** RECORDS TO PROCESS **
= = = = =

lemma mult_sum_aux_factor_le:
  assumes d0: "\<delta> \<ge> 0" and x: "x \<ge> 1"
  shows "mult_sum (l(p := seq_conv (sqfree_seq \<delta>) (divisor_factors k p))) x
    \<le> removed_sum x + ((1 + \<delta>) * local_mass - 1) * removed_sum (x / real p)"
proof (rule mult_sum_update_le[where l = l and I = "seq_conv (sqfree_seq \<delta>) (divisor_factors k p)"
      and T = "(1 + \<delta>) * local_mass", OF p l0 lnn _ _ _ x])
  show "seq_conv (sqfree_seq \<delta>) (divisor_factors k p) j \<ge> 0" for j
    by (rule seq_conv_nonneg) (auto intro: sqfree_seq_nonneg d0 conv_pow_nonneg geom_seq_nonneg)
  show "seq_conv (sqfree_seq \<delta>) (divisor_factors k p) 0 = 1"
    by (simp add: conv_pow_0)
  show "(\<Sum>j<n. seq_conv (sqfree_seq \<delta>) (divisor_factors k p) j) \<le> (1 + \<delta>) * local_mass" for n
  proof -
    have "(\<Sum>j<n. seq_conv (sqfree_seq \<delta>) (divisor_factors k p) j)
        \<le> (\<Sum>j<n. sqfree_seq \<delta> j) * (\<Sum>j<n. divisor_factors k p j)"
      by (rule sum_seq_conv_le) (auto intro: sqfree_seq_nonneg d0 conv_pow_nonneg geom_seq_nonneg)
    also have "\<dots> \<le> (1 + \<delta>) * local_mass"
      using d0 sum_sqfree_seq_le[OF d0] sum_divisor_factors_le[where q = p and n = n and k = k]
        prime_ge_2_nat[OF p]
      by (intro mult_mono) (auto simp: sum_nonneg conv_pow_nonneg geom_seq_nonneg)
    finally show ?thesis .
  qed
qed

text \<open>With \<open>\<delta> = k\<^sup>2/p\<^sup>2\<close>, the auxiliary local factor
  \<open>seq_conv (sqfree_seq \<delta>) (divisor_factors k p)\<close> has mass \<open>T = (1 + \<delta>) local_mass \<ge> 1 + g\<close>, so
  the new sum dominates \<open>(1 + g)/T\<close> times the auxiliary sum \<open>mult_sum l x + \<delta> mult_sum l (x/p)\<close>,
  and the error only grows by \<open>O(k\<^sup>3 ln p / p\<^sup>2)\<close>.\<close>

lemma mult_sum_replace_ge_large:
  fixes w :: real
  assumes w0: "0 \<le> w" and wk: "w \<le> real k" and pk: "real p \<ge> 2 * real k" and x: "x \<ge> 1"
  shows "mult_sum (l(p := sqfree_seq (w / (real p - w)))) x \<ge>
    (c * ((1 - 1 / real p) ^ k / (1 - w / real p))) * ln x ^ (k - 1) *
      (ln x - (A + real k * ((real k^2 / real p^2) / (1 + real k^2 / real p^2)) * ln p)) / fact k"
proof -
  define \<delta> where "\<delta> = real k^2 / real p^2"
  define g where "g = w / (real p - w)"
  define T where "T = (1 + \<delta>) * local_mass"
  have wp: "w < real p" using wk pk k by linarith
  have d0: "\<delta> \<ge> 0" unfolding \<delta>_def by simp
  have g0: "g \<ge> 0" unfolding g_def using w0 wp by simp
  have T0: "T > 0" unfolding T_def using d0 local_mass_pos by simp
  have "(c * ((1 - 1 / real p) ^ k / (1 - w / real p))) * ln x ^ (k - 1)
      * (ln x - (A + real k * (\<delta> / (1 + \<delta>)) * ln (real p))) / fact k
    = ((1 + g) / T) * ((c * (1 + \<delta>)) * ln x ^ (k - 1)
      * (ln x - (A + real k * (\<delta> / (1 + \<delta>)) * ln (real p))) / fact k)"
    unfolding weight_coefficient_eq[OF p_ge_2 w0 wp d0, of k c, symmetric] g_def T_def by simp
  also have "\<dots> \<le> ((1 + g) / T) * mult_sum (l(p := seq_conv (sqfree_seq \<delta>) (divisor_factors k p))) x"
    unfolding mult_sum_aux_factor_eq[OF x] using g0 T0 p_ge_2
    by (intro mult_left_mono log_lower_bound_combine[OF k c A d0 _ x lower mult_sum_nonneg[OF lnn]]) auto
  also have "\<dots> \<le> ((1 + g) / T) * (removed_sum x + (T - 1) * removed_sum (x / real p))"
    using mult_sum_aux_factor_le[OF d0 x, folded T_def] g0 T0 by (intro mult_left_mono) auto
  also have "\<dots> \<le> removed_sum x + g * removed_sum (x / real p)"
    using x p_ge_2 one_plus_weight_le[OF k pk w0 wk] unfolding g_def T_def \<delta>_def
    by (intro add_mult_ge_scaled removed_sum_nonneg removed_sum_mono g0[unfolded g_def])
      (simp_all add: divide_le_eq)
  also have "\<dots> = mult_sum (l(p := sqfree_seq g)) x"
    using mult_sum_update_sqfree[where l = l and s = conv_unit, OF p l0 _ x] by simp
  finally show ?thesis
    unfolding g_def \<delta>_def .
qed

end

section \<open>Sieve weights of dimension \<open>k\<close>\<close>

locale sieve_weights =
  fixes k :: nat and \<omega> :: "nat \<Rightarrow> nat"
  assumes k: "k \<ge> 1"
    and \<omega>_less: "\<And>p. prime p \<Longrightarrow> \<omega> p < p"
    and \<omega>_le: "\<And>p. prime p \<Longrightarrow> \<omega> p \<le> k"
begin

definition L_weight :: "nat \<Rightarrow> real" where
  "L_weight p = real (\<omega> p) / (real p - real (\<omega> p))"

definition sieve_factors :: "nat set \<Rightarrow> nat \<Rightarrow> nat \<Rightarrow> real" where
  "sieve_factors P = (\<lambda>q. if q \<in> P then sqfree_seq (L_weight q) else divisor_factors k q)"

definition euler_factor :: "nat \<Rightarrow> real" where
  "euler_factor p = (1 - 1 / real p) ^ k / (1 - real (\<omega> p) / real p)"

definition step_error :: "nat \<Rightarrow> real" where
  "step_error p = (if 2 * real k \<le> real p
     then real k * ((real k^2 / real p^2) / (1 + real k^2 / real p^2)) * ln p
     else real k * (real (\<omega> p) / real p) * ln p)"

lemma L_weight_nonneg: "prime p \<Longrightarrow> L_weight p \<ge> 0"
  unfolding L_weight_def using \<omega>_less[of p] by simp

lemma euler_factor_pos: "prime p \<Longrightarrow> euler_factor p > 0"
  unfolding euler_factor_def using \<omega>_less[of p] prime_ge_2_nat[of p] by (simp add: field_simps)

lemma step_error_nonneg: "prime p \<Longrightarrow> step_error p \<ge> 0"
  unfolding step_error_def using prime_ge_2_nat[of p] by simp

lemma sieve_factors_0: "sieve_factors P q 0 = 1"
  unfolding sieve_factors_def by (simp add: conv_pow_0)

lemma sieve_factors_nonneg: "\<forall>p\<in>P. prime p \<Longrightarrow> sieve_factors P q e \<ge> 0"
  unfolding sieve_factors_def by (auto intro!: sqfree_seq_nonneg L_weight_nonneg conv_pow_nonneg geom_seq_nonneg)

lemma factor_replacement_step_ge:
  assumes "factor_replacement l p k c A" and x: "x \<ge> 1"
  shows "mult_sum (l(p := sqfree_seq (L_weight p))) x
    \<ge> (c * euler_factor p) * ln x ^ (k - 1) * (ln x - (A + step_error p)) / fact k"
proof -
  interpret factor_replacement l p k c A by fact
  show ?thesis
  proof (cases "2 * real k \<le> real p")
    case True
    then show ?thesis
      using mult_sum_replace_ge_large[of "real (\<omega> p)", OF _ _ True x] \<omega>_le[OF p]
      unfolding euler_factor_def step_error_def L_weight_def by simp
  next
    case False
    then show ?thesis
      using mult_sum_replace_ge[of "real (\<omega> p)", OF _ _ x] \<omega>_less[OF p]
      unfolding euler_factor_def step_error_def L_weight_def by simp
  qed
qed

lemma mult_sum_sieve_factors_ge:
  assumes "finite P" and "\<forall>p\<in>P. prime p" and "x \<ge> 1"
  shows "mult_sum (sieve_factors P) x
    \<ge> (\<Prod>p\<in>P. euler_factor p) * ln x ^ (k - 1) * (ln x - (\<Sum>p\<in>P. step_error p)) / fact k"
  using assms
proof (induction P arbitrary: x rule: finite_induct)
  case empty
  have "ln x ^ k = ln x ^ (k - 1) * ln x"
    using k by (metis Suc_diff_le diff_Suc_1 power_Suc2)
  then show ?case
    using mult_sum_divisor_factors_ge[OF empty.prems(2), of k] by (simp add: sieve_factors_def)
next
  case (insert p P)
  have p: "prime p" and prP: "\<forall>q\<in>P. prime q" using insert.prems by simp_all
  define c where "c = (\<Prod>q\<in>P. euler_factor q)"
  define A where "A = (\<Sum>q\<in>P. step_error q)"
  have step: "factor_replacement (sieve_factors P) p k c A"
  proof
    show "sieve_factors P p = divisor_factors k p"
      unfolding sieve_factors_def using insert.hyps by simp
    show "c \<ge> 0" unfolding c_def using prP euler_factor_pos by (intro prod_nonneg) (auto intro: less_imp_le)
    show "A \<ge> 0" unfolding A_def using prP step_error_nonneg by (intro sum_nonneg) auto
  qed (use p sieve_factors_0 sieve_factors_nonneg[OF prP] k insert.IH[OF prP] in \<open>auto simp: c_def A_def\<close>)
  have upd: "sieve_factors (insert p P) = (sieve_factors P)(p := sqfree_seq (L_weight p))"
    unfolding sieve_factors_def by auto
  have prod: "(\<Prod>q\<in>insert p P. euler_factor q) = c * euler_factor p"
    and sum: "(\<Sum>q\<in>insert p P. step_error q) = A + step_error p"
    unfolding c_def A_def using insert.hyps by (simp_all add: mult.commute add.commute)
  show ?case
    unfolding upd prod sum by (rule factor_replacement_step_ge[OF step insert.prems(2)])
qed

end

section \<open>The accumulated error\<close>

definition log_tail :: "nat \<Rightarrow> real" where
  "log_tail n = (2 + ln (real n)) / real n"

lemma log_tail_nonneg: "n \<ge> 1 \<Longrightarrow> log_tail n \<ge> 0"
  unfolding log_tail_def by simp

lemma ln_div_square_le_log_tail_diff:
  assumes "n \<ge> 2"
  shows "ln (real n) / (real n)^2 \<le> log_tail (n - 1) - log_tail n"
proof -
  define a where "a = real n"
  have a2: "a \<ge> 2" unfolding a_def using assms by simp
  have "ln (a / (a - 1)) \<le> a / (a - 1) - 1" using a2 by (intro ln_le_minus_one) auto
  then have "ln a - ln (a - 1) \<le> 1 / (a - 1)" using a2 by (simp add: ln_div field_simps)
  then have "a * (ln a - ln (a - 1)) \<le> a * (1 / (a - 1))" using a2 by (intro mult_left_mono) auto
  also have "\<dots> \<le> 2" using a2 by (simp add: field_simps)
  finally have h2: "a * (ln a - ln (a - 1)) \<le> 2" .
  have "log_tail (n - 1) - log_tail n = (2 + ln a - a * (ln a - ln (a - 1))) / (a * (a - 1))"
    unfolding log_tail_def a_def using a2 assms by (simp add: of_nat_diff a_def field_simps)
  also have "\<dots> \<ge> ln a / (a * (a - 1))"
    using h2 a2 by (intro divide_right_mono) auto
  also have "ln a / (a * (a - 1)) \<ge> ln a / a^2"
    using a2 by (intro divide_left_mono) (auto simp: power2_eq_square)
  finally show ?thesis unfolding a_def by simp
qed

lemma sum_ln_div_square_le:
  assumes N: "N \<ge> 1"
  shows "(\<Sum>n\<in>{Suc N..M}. ln (real n) / (real n)^2) \<le> log_tail N"
proof (cases "M \<le> N")
  case True
  then show ?thesis using log_tail_nonneg[OF N] by simp
next
  case False
  then obtain d where M: "M = N + d" using le_add_diff_inverse nat_le_linear by metis
  have "(\<Sum>n\<in>{Suc N..N + d}. ln (real n) / (real n)^2) \<le> log_tail N - log_tail (N + d)"
  proof (induction d)
    case (Suc d)
    then show ?case
      using ln_div_square_le_log_tail_diff[of "Suc (N + d)"] N by (simp add: add_Suc_right)
  qed simp
  then show ?thesis using log_tail_nonneg[of "N + d"] N unfolding M by simp
qed

context sieve_weights
begin

lemma step_error_small:
  assumes p: "prime p" and pk: "real p < 2 * real k"
  shows "step_error p \<le> real k * ln (2 * real k)"
proof -
  have p2: "real p \<ge> 2" using prime_ge_2_nat[OF p] by simp
  have "real (\<omega> p) / real p \<le> 1" using \<omega>_less[OF p] p2 by simp
  then have "real k * (real (\<omega> p) / real p) * ln p \<le> real k * 1 * ln p"
    using p2 by (intro mult_right_mono mult_left_mono) auto
  also have "\<dots> \<le> real k * ln (2 * real k)"
    using pk p2 by (simp add: mult_left_mono)
  finally show ?thesis unfolding step_error_def using pk by simp
qed

lemma step_error_large:
  assumes p: "prime p" and pk: "2 * real k \<le> real p"
  shows "step_error p \<le> real k^3 * (ln (real p) / (real p)^2)"
proof -
  define d where "d = real k^2 / real p^2"
  have d0: "d \<ge> 0" unfolding d_def by simp
  have "d / (1 + d) \<le> d" using d0 by (simp add: divide_le_eq algebra_simps)
  then have "real k * (d / (1 + d)) * ln p \<le> real k * d * ln p"
    using prime_ge_2_nat[OF p] by (intro mult_right_mono mult_left_mono) auto
  also have "real k * d * ln p = real k^3 * (ln (real p) / (real p)^2)"
    unfolding d_def by (simp add: power3_eq_cube power2_eq_square)
  finally show ?thesis unfolding step_error_def d_def using pk by simp
qed

lemma sum_step_error_small_le:
  assumes "finite P" and "\<forall>p\<in>P. prime p \<and> real p < 2 * real k"
  shows "(\<Sum>p\<in>P. step_error p) \<le> 2 * real k^2 * ln (2 * real k)"
proof -
  have "card P \<le> card {..<2 * k}" using assms(2) by (intro card_mono) auto
  then have "real (card P) \<le> 2 * real k" by simp
  have "(\<Sum>p\<in>P. step_error p) \<le> (\<Sum>p\<in>P. real k * ln (2 * real k))"
    using assms(2) by (intro sum_mono step_error_small) auto
  also have "\<dots> = real (card P) * (real k * ln (2 * real k))" by simp
  also have "\<dots> \<le> 2 * real k * (real k * ln (2 * real k))"
    using \<open>real (card P) \<le> 2 * real k\<close> k by (intro mult_right_mono) auto
  finally show ?thesis by (simp add: power2_eq_square)
qed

= = = = =

** REQUIRED ACTION **
Write down every line of the data above that includes the string "auxiliary".

** THE ANSWER **
text \<open>With \<open>\<delta> = k\<^sup>2/p\<^sup>2\<close>, the auxiliary local factor
  the new sum dominates \<open>(1 + g)/T\<close> times the auxiliary sum \<open>mult_sum l x + \<delta> mult_sum l (x/p)\<close>,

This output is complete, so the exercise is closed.